%%

(* Let $k \geqslant 2$, and let $\pi_1, \ldots, \pi_k \geqslant 3$ be pairwise relatively prime integers, where $\pi_1=3$. Then the minimal DFA that recognizes the same language as the NFA $A_{\pi_1, \ldots, \pi_k}$ has at least $\prod_{i=1}^k (2^{\pi_i}-2)$ states.
   Context: The NFA $A_{\pi_1,\ldots,\pi_k}=(\{a,b\},Q,\{\widehat q\},\delta,\{\widehat q\})$ has states $Q=\{\widehat{q}\} \cup \bigcup_{i=1}^k \{q_{i,0}, \ldots, q_{i,\pi_i-1}\} \cup \bigcup_{i=1}^k \{r_{i,1}, \ldots, r_{i,\pi_i-2}\}$, unique initial state $\widehat q$, unique accepting state $\widehat q$, and exactly the following transitions: $\delta(\widehat{q}, a) = \{q_{1,0}, \ldots, q_{k,0}\}$; $\delta(q_{i,j},a) = \{q_{i,(j+1) \bmod \pi_i}\}$ for all $i$ and $0\leqslant j\leqslant \pi_i-1$; $\delta(q_{i,j},b) = \{r_{i,j}\}$ and $\delta(r_{i,j},a)=\{q_{i,j+1}\}$ for $1 \leqslant j \leqslant \pi_i-2$; $\delta(q_{i,0},b) = \{\widehat{q}\}$; all other transitions are empty. The language of an NFA is the set of strings on which some computation from an initial state ends in an accepting state. *)

theory Defs
  imports Main
begin

datatype sym = SymA | SymB

datatype nstate = Qhat | Qst nat nat | Rst nat nat

fun nfa_step :: "(nat \<Rightarrow> nat) \<Rightarrow> nat \<Rightarrow> nstate \<Rightarrow> sym \<Rightarrow> nstate set" where
  "nfa_step p k Qhat SymA = {Qst i 0 | i. 1 \<le> i \<and> i \<le> k}"
| "nfa_step p k Qhat SymB = {}"
| "nfa_step p k (Qst i j) SymA =
     (if 1 \<le> i \<and> i \<le> k \<and> j < p i then {Qst i (Suc j mod p i)} else {})"
| "nfa_step p k (Qst i j) SymB =
     (if 1 \<le> i \<and> i \<le> k \<and> j = 0 then {Qhat}
      else if 1 \<le> i \<and> i \<le> k \<and> 1 \<le> j \<and> j \<le> p i - 2 then {Rst i j}
      else {})"
| "nfa_step p k (Rst i j) SymA =
     (if 1 \<le> i \<and> i \<le> k \<and> 1 \<le> j \<and> j \<le> p i - 2 then {Qst i (Suc j)} else {})"
| "nfa_step p k (Rst i j) SymB = {}"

%%

Restate word for word the entries above from the line with "k Qhat SymA" through the line with "(Qst i j) SymB", inclusive, leaving out everything else.

  "nfa_step p k Qhat SymA = {Qst i 0 | i. 1 \<le> i \<and> i \<le> k}"
| "nfa_step p k Qhat SymB = {}"
| "nfa_step p k (Qst i j) SymA =
     (if 1 \<le> i \<and> i \<le> k \<and> j < p i then {Qst i (Suc j mod p i)} else {})"
| "nfa_step p k (Qst i j) SymB =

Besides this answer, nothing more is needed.